Pull every line containing "against" from the listing.

Start of Data for review

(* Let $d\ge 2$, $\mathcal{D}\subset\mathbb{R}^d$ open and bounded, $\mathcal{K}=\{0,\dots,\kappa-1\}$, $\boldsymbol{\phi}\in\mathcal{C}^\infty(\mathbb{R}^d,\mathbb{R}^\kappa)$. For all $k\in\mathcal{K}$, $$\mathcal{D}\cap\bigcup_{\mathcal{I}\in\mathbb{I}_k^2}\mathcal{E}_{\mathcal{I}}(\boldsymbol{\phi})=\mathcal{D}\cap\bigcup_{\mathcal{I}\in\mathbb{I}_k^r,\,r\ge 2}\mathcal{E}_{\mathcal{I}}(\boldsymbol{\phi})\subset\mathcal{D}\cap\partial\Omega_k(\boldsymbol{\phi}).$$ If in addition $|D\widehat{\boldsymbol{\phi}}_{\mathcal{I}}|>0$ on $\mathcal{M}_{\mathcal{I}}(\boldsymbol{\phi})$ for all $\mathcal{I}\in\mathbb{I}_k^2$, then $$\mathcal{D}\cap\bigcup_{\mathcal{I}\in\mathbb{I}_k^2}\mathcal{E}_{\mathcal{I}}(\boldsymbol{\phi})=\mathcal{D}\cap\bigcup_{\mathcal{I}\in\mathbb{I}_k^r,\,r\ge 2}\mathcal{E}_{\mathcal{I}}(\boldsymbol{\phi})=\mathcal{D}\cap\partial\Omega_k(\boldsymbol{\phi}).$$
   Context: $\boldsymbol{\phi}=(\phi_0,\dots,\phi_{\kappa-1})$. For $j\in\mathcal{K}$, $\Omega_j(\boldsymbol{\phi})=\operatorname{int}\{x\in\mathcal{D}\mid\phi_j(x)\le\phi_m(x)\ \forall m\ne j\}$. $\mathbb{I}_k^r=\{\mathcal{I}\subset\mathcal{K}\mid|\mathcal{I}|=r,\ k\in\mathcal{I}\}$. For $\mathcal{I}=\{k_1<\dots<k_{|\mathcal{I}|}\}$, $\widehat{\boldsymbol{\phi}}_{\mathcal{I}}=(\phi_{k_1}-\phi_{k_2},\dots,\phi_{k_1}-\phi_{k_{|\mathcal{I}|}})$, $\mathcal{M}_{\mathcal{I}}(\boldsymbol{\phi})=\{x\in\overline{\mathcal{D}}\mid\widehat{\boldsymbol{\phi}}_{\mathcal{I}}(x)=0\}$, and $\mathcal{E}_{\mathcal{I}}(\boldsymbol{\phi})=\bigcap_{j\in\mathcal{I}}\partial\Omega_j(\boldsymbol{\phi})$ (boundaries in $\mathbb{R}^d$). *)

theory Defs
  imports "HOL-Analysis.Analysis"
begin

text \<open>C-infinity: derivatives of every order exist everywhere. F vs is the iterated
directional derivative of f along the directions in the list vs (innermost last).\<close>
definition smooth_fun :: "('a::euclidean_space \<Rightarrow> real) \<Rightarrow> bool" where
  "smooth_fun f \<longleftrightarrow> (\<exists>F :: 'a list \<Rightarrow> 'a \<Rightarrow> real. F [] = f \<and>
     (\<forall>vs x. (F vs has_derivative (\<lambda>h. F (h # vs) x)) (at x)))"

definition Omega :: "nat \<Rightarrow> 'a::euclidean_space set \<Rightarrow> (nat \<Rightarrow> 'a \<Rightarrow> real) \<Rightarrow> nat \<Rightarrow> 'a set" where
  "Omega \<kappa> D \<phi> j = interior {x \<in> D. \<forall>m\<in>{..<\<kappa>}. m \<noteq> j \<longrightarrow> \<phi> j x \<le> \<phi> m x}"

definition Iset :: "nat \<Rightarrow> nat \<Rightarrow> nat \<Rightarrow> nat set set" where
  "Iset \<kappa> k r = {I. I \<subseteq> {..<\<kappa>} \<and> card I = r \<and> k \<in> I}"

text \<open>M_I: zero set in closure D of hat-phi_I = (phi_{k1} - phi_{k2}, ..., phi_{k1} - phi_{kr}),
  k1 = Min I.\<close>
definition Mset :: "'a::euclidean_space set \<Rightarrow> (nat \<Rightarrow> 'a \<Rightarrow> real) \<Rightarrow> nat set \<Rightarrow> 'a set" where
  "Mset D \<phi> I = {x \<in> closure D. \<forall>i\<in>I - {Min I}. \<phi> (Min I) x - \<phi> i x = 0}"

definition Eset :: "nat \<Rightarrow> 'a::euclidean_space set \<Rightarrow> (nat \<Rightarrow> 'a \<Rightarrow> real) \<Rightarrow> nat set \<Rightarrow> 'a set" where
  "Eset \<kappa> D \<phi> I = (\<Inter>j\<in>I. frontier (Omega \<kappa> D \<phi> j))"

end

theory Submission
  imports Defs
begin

End of Data for review
Start of Data for review

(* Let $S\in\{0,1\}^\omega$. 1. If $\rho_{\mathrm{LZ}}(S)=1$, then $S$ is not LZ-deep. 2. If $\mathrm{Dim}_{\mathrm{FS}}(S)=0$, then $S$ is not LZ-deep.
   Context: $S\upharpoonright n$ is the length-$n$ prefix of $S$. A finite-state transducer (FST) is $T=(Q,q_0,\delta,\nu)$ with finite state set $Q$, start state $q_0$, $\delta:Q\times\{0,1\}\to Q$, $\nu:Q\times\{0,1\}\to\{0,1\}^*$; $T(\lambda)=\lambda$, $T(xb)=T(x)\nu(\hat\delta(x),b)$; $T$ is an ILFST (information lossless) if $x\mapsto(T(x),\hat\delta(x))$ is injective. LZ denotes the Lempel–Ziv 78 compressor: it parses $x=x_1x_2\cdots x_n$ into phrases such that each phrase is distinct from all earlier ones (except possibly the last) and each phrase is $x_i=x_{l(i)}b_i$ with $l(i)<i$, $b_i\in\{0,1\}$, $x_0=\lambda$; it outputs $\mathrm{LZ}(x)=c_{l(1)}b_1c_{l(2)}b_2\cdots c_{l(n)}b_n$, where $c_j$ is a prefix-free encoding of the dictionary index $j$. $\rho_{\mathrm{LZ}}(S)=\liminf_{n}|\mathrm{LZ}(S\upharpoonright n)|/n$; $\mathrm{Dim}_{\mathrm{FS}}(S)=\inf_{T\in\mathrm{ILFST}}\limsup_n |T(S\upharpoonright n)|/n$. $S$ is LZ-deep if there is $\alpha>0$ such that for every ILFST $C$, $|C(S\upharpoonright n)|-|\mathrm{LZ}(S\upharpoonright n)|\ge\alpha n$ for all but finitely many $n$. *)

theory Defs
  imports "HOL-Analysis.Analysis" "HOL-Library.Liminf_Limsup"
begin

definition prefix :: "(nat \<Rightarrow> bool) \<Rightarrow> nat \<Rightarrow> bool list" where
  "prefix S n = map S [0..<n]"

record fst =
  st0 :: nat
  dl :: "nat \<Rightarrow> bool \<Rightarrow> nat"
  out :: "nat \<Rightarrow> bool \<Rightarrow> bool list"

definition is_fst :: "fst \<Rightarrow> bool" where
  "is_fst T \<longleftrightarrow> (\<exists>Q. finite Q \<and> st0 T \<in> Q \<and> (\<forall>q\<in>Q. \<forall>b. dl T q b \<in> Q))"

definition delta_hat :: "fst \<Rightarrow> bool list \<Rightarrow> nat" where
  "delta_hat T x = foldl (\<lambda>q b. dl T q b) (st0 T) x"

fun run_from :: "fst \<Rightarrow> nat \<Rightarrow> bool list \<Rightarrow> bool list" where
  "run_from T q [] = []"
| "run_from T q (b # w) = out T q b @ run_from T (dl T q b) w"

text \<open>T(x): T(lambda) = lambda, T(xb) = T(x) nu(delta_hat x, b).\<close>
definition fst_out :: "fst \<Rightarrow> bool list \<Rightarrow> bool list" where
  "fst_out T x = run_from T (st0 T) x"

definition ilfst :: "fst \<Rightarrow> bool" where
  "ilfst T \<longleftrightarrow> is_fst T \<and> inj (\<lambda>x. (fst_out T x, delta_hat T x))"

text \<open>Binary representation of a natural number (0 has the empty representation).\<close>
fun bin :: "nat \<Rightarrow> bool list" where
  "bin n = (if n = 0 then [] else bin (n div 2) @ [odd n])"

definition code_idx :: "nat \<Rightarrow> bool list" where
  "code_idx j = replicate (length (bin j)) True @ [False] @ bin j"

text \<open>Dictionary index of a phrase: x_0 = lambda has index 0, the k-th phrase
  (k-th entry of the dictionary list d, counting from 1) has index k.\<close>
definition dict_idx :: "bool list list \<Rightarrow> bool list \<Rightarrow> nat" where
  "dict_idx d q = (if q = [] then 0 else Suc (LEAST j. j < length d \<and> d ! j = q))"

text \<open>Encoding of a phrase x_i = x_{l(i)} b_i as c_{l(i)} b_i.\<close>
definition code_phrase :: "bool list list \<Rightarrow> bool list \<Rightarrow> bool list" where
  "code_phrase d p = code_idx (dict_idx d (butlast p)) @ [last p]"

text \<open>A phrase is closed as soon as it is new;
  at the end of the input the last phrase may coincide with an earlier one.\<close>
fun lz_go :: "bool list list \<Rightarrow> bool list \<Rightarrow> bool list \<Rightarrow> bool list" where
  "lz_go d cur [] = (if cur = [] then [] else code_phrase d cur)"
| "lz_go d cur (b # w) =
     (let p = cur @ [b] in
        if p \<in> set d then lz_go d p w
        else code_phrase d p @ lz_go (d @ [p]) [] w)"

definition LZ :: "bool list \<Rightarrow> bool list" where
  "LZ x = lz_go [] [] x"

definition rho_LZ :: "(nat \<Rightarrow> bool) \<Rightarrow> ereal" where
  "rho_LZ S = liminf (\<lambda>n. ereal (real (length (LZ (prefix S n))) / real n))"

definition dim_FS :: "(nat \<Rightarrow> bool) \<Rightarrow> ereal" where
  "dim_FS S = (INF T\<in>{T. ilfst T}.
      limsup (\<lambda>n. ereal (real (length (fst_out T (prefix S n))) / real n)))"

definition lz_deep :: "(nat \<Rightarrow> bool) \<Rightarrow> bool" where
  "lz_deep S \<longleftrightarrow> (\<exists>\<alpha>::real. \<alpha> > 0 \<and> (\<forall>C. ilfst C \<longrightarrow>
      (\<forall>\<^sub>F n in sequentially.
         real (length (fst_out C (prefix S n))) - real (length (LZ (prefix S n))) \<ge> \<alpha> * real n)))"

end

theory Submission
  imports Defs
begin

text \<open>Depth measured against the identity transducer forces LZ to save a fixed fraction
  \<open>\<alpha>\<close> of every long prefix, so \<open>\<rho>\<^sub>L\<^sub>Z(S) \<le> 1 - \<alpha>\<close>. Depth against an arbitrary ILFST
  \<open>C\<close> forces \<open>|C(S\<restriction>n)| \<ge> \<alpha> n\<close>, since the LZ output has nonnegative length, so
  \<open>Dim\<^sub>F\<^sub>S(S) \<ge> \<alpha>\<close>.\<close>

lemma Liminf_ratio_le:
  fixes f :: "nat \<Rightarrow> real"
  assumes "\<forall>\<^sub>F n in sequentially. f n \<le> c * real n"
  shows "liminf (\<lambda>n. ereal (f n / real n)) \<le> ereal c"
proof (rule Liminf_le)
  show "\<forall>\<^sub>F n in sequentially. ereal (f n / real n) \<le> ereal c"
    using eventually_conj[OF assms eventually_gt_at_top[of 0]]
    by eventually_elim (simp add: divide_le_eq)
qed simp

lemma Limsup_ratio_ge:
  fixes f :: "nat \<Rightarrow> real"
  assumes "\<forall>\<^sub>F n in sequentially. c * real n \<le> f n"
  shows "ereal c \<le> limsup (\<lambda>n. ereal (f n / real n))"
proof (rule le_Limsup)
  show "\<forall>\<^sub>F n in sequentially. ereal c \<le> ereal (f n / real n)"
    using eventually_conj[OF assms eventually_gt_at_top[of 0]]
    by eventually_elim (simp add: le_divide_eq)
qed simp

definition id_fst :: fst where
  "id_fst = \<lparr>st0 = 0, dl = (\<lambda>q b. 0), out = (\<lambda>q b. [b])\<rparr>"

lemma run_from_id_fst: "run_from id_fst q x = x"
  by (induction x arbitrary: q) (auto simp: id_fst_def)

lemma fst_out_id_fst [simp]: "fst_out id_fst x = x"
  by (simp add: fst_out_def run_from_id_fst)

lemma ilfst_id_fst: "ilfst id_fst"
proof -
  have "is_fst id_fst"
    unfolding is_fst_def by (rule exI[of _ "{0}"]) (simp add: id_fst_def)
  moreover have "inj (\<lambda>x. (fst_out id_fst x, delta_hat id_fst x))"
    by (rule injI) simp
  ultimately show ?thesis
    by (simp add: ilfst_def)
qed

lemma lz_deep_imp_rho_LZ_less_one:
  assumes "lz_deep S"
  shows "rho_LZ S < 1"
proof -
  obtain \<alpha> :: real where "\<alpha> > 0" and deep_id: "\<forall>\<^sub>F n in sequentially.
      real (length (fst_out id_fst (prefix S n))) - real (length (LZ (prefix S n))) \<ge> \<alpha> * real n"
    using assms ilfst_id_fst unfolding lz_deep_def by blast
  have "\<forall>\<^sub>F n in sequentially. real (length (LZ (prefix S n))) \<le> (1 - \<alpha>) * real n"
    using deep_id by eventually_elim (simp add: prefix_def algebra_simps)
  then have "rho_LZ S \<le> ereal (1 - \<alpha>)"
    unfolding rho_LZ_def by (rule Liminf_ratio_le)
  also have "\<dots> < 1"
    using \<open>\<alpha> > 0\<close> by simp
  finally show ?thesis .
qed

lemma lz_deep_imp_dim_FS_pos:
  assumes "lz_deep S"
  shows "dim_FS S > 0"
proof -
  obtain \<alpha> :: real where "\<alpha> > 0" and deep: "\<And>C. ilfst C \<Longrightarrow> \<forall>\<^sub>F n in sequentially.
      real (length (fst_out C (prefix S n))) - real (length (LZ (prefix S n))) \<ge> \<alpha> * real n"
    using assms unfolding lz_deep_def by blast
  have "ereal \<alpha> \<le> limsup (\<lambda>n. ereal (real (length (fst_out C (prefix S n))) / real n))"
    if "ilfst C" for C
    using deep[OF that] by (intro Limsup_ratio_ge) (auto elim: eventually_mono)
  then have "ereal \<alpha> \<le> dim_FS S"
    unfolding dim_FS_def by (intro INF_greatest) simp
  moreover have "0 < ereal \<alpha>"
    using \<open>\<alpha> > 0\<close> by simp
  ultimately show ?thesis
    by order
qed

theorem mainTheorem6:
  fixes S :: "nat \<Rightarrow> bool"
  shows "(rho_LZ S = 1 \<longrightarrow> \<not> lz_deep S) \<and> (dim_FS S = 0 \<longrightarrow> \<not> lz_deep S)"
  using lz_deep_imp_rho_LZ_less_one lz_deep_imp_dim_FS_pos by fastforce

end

End of Data for review

▶ [Answer for this exercise]:
text \<open>Depth measured against the identity transducer forces LZ to save a fixed fraction
  \<open>\<alpha>\<close> of every long prefix, so \<open>\<rho>\<^sub>L\<^sub>Z(S) \<le> 1 - \<alpha>\<close>. Depth against an arbitrary ILFST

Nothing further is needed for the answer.